**Stored data**
lemma tendsto_set_integral_Icc_at_right_0:
  fixes f :: "real \<Rightarrow> real"
  assumes f: "set_integrable lborel {t..T} f" and tT: "t < T"
  shows "((\<lambda>h. LINT s:{t..t + h}|lborel. f s) \<longlongrightarrow> 0) (at_right 0)"
proof -
  have "continuous_on {t..T} (\<lambda>s. integral {t..s} f)"
    by (rule indefinite_integral_continuous_1[OF set_borel_integral_eq_integral(1)[OF f]])
  then have "((\<lambda>s. integral {t..s} f) \<longlongrightarrow> integral {t..t} f) (at t within {t..T})"
    using tT unfolding continuous_on_def by fastforce
  moreover have "filterlim (\<lambda>h. t + h) (at t within {t..T}) (at_right 0)"
  proof (rule filterlim_at_withinI)
    show "filterlim (\<lambda>h. t + h) (nhds t) (at_right 0)"
      by (auto intro!: tendsto_eq_intros)
    have "eventually (\<lambda>h. h \<in> {0<..<T - t}) (at_right 0)"
      using tT by (intro eventually_at_right_real) simp
    then show "eventually (\<lambda>h. t + h \<in> {t..T} - {t}) (at_right 0)"
      by (rule eventually_mono) auto
  qed
  ultimately have "((\<lambda>h. integral {t..t + h} f) \<longlongrightarrow> 0) (at_right 0)"
    using filterlim_compose by fastforce
  moreover have "eventually (\<lambda>h. h \<in> {0<..<T - t}) (at_right 0)"
    using tT by (intro eventually_at_right_real) simp
  then have "eventually (\<lambda>h. integral {t..t + h} f = (LINT s:{t..t + h}|lborel. f s)) (at_right 0)"
  proof (rule eventually_mono)
    fix h assume "h \<in> {0<..<T - t}"
    then have "set_integrable lborel {t..t + h} f"
      by (intro set_integrable_subset[OF f]) auto
    then show "integral {t..t + h} f = (LINT s:{t..t + h}|lborel. f s)"
      by (simp add: set_borel_integral_eq_integral(2))
  qed
  ultimately show ?thesis
    by (rule Lim_transform_eventually)
qed

section \<open>The value function\<close>

context
  fixes q T t Lb Gb :: real
    and l :: "real \<Rightarrow> real \<Rightarrow> real \<Rightarrow> real" and g :: "real \<Rightarrow> real \<Rightarrow> real"
  assumes q: "q > 1" and t: "0 \<le> t" "t < T"
    and l_cont: "continuous_on (Xi \<times> {0..T}) (\<lambda>((x, v), s). l x v s)"
    and Lb: "\<And>x v s. x \<in> {-1..1} \<Longrightarrow> s \<in> {0..T} \<Longrightarrow> \<bar>l x v s\<bar> \<le> Lb"
    and Gb: "\<And>x v. x \<in> {-1..1} \<Longrightarrow> \<bar>g x v\<bar> \<le> Gb"
begin

lemma set_integrable_running_cost:
  assumes "admissible q t T x v \<xi> d\<xi> a"
  shows "set_integrable lborel {t..T} (\<lambda>s. l (\<xi> s) (d\<xi> s) s)"
proof -
  have W: "W2q_traj q t T \<xi> d\<xi> a" and range: "\<forall>s\<in>{t..T}. \<xi> s \<in> {-1..1}"
    using assms unfolding admissible_def by blast+
  have c: "continuous_on {t..T} (\<lambda>s. ((\<xi> s, d\<xi> s), s))"
    using W2q_traj_continuous[OF W] by (intro continuous_intros) auto
  have "(\<lambda>s. ((\<xi> s, d\<xi> s), s)) ` {t..T} \<subseteq> Xi \<times> {0..T}"
    using range t by (auto simp: Xi_def)
  from continuous_on_compose2[OF l_cont c this]
  have "continuous_on {t..T} (\<lambda>s. l (\<xi> s) (d\<xi> s) s)"
    by simp
  then show ?thesis
    by (rule borel_integrable_atLeastAtMost')
qed

lemma cost_eq:
  assumes "admissible q t T x v \<xi> d\<xi> a"
  shows "cost q l g T t \<xi> d\<xi> a = (LINT s:{t..T}|lborel. l (\<xi> s) (d\<xi> s) s)
           + (1 / q) * (LINT s:{t..T}|lborel. \<bar>a s\<bar> powr q) + g (\<xi> T) (d\<xi> T)"
proof -
  have "set_integrable lborel {t..T} (\<lambda>s. (1 / q) * \<bar>a s\<bar> powr q)"
    using assms unfolding admissible_def by (intro set_integrable_mult_right W2q_trajD(2)) blast
  then show ?thesis
    unfolding cost_def by (simp add: set_integral_add(2)[OF set_integrable_running_cost[OF assms]])
qed

lemma abs_cost_minus_energy_le:
  assumes adm: "admissible q t T x v \<xi> d\<xi> a"
  shows "\<bar>cost q l g T t \<xi> d\<xi> a - (1 / q) * (LINT s:{t..T}|lborel. \<bar>a s\<bar> powr q)\<bar> \<le> Lb * (T - t) + Gb"
proof -
  have range: "\<forall>s\<in>{t..T}. \<xi> s \<in> {-1..1}"
    using adm unfolding admissible_def by blast
  have l_bound: "\<bar>l (\<xi> s) (d\<xi> s) s\<bar> \<le> Lb" if "s \<in> {t..T}" for s
    using Lb range that t by auto
  note li = set_integrable_running_cost[OF adm]
  have const: "set_integrable lborel {t..T} (\<lambda>_. c)" for c :: real
    by (rule borel_integrable_atLeastAtMost') simp
  have "(LINT s:{t..T}|lborel. - Lb) \<le> (LINT s:{t..T}|lborel. l (\<xi> s) (d\<xi> s) s)"
    by (rule set_integral_mono[OF const li]) (use l_bound in fastforce)
  moreover have "(LINT s:{t..T}|lborel. l (\<xi> s) (d\<xi> s) s) \<le> (LINT s:{t..T}|lborel. Lb)"
    by (rule set_integral_mono[OF li const]) (use l_bound in fastforce)
  moreover have "(LINT s:{t..T}|lborel. c) = c * (T - t)" for c :: real
    using t by (simp add: set_integral_const)
  moreover have "\<bar>g (\<xi> T) (d\<xi> T)\<bar> \<le> Gb"
    using Gb range t by auto
  ultimately show ?thesis
    unfolding cost_eq[OF adm] by (simp add: abs_le_iff)
qed

lemma bdd_below_admissible_costs:
  "bdd_below {cost q l g T t \<xi> d\<xi> a | \<xi> d\<xi> a. admissible q t T x v \<xi> d\<xi> a}"
proof (rule bdd_belowI)
  fix y assume "y \<in> {cost q l g T t \<xi> d\<xi> a | \<xi> d\<xi> a. admissible q t T x v \<xi> d\<xi> a}"
  then obtain \<xi> d\<xi> a where y: "y = cost q l g T t \<xi> d\<xi> a" and adm: "admissible q t T x v \<xi> d\<xi> a"
    by blast
  have "0 \<le> (LINT s:{t..T}|lborel. \<bar>a s\<bar> powr q)"
    unfolding set_lebesgue_integral_def by (rule integral_nonneg_AE) (auto simp: indicator_def)
  then have "0 \<le> (1 / q) * (LINT s:{t..T}|lborel. \<bar>a s\<bar> powr q)"
    using q by simp
  then show "- (Lb * (T - t) + Gb) \<le> y"
    using abs_cost_minus_energy_le[OF adm] unfolding y by linarith
qed

lemma value_fun_le_cost:
  "admissible q t T x v \<xi> d\<xi> a \<Longrightarrow> value_fun q l g T t x v \<le> cost q l g T t \<xi> d\<xi> a"
  unfolding value_fun_eq_Inf_admissible by (rule cInf_lower[OF _ bdd_below_admissible_costs]) blast

lemma exists_admissible_cost_lt:
  assumes "admissible q t T x v \<xi>\<^sub>0 d\<xi>\<^sub>0 a\<^sub>0" and "\<epsilon> > 0"
  obtains \<xi> d\<xi> a where "admissible q t T x v \<xi> d\<xi> a"
    and "cost q l g T t \<xi> d\<xi> a < value_fun q l g T t x v + \<epsilon>"
proof -
  have "{cost q l g T t \<xi> d\<xi> a | \<xi> d\<xi> a. admissible q t T x v \<xi> d\<xi> a} \<noteq> {}"
    using assms(1) by blast
  from cInf_lessD[OF this, of "value_fun q l g T t x v + \<epsilon>"] assms(2) that show ?thesis
    unfolding value_fun_eq_Inf_admissible by auto
qed

lemma running_cost_diff_le:
  assumes adm\<xi>: "admissible q t T x v \<xi> d\<xi> a" and adm\<eta>: "admissible q t T y w \<eta> d\<eta> b"
    and S: "t \<le> S" "S \<le> T" and eq: "\<And>s. s \<in> {S..T} \<Longrightarrow> \<xi> s = \<eta> s \<and> d\<xi> s = d\<eta> s"
  shows "(LINT s:{t..T}|lborel. l (\<xi> s) (d\<xi> s) s) - (LINT s:{t..T}|lborel. l (\<eta> s) (d\<eta> s) s)
           \<le> 2 * Lb * (S - t)"
proof -
  have sub: "{t..S} \<subseteq> {t..T}"
    using S by auto
  have range: "\<forall>s\<in>{t..T}. \<xi> s \<in> {-1..1} \<and> \<eta> s \<in> {-1..1}"
    using adm\<xi> adm\<eta> unfolding admissible_def by blast
  note l\<xi> = set_integrable_running_cost[OF adm\<xi>] and l\<eta> = set_integrable_running_cost[OF adm\<eta>]
  have "(LINT s:{t..T}|lborel. l (\<xi> s) (d\<xi> s) s) - (LINT s:{t..T}|lborel. l (\<eta> s) (d\<eta> s) s)
      = (LINT s:{t..S}|lborel. l (\<xi> s) (d\<xi> s) s - l (\<eta> s) (d\<eta> s) s)"
    by (rule set_integral_diff_eq_on_subset[OF l\<xi> l\<eta> sub]) (use eq in auto)
  also have "\<dots> \<le> (LINT s:{t..S}|lborel. 2 * Lb)"
  proof (rule set_integral_mono)
    show "set_integrable lborel {t..S} (\<lambda>s. l (\<xi> s) (d\<xi> s) s - l (\<eta> s) (d\<eta> s) s)"
      by (rule set_integrable_subset[OF set_integral_diff(1)[OF l\<xi> l\<eta>] _ sub]) simp
    show "set_integrable lborel {t..S} (\<lambda>s. 2 * Lb)"
      by (rule borel_integrable_atLeastAtMost') simp
    fix s assume "s \<in> {t..S}"
    then have "\<bar>l (\<xi> s) (d\<xi> s) s\<bar> \<le> Lb" "\<bar>l (\<eta> s) (d\<eta> s) s\<bar> \<le> Lb"
      using Lb range sub t by auto
    then show "l (\<xi> s) (d\<xi> s) s - l (\<eta> s) (d\<eta> s) s \<le> 2 * Lb"
      by simp
  qed
  also have "\<dots> = 2 * Lb * (S - t)"
    using S by (simp add: set_integral_const)
  finally show ?thesis .
qed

**Problem to solve**
In the entries above, how many lines hold the word "this"? State the number only.

**Reply to the exercise**
2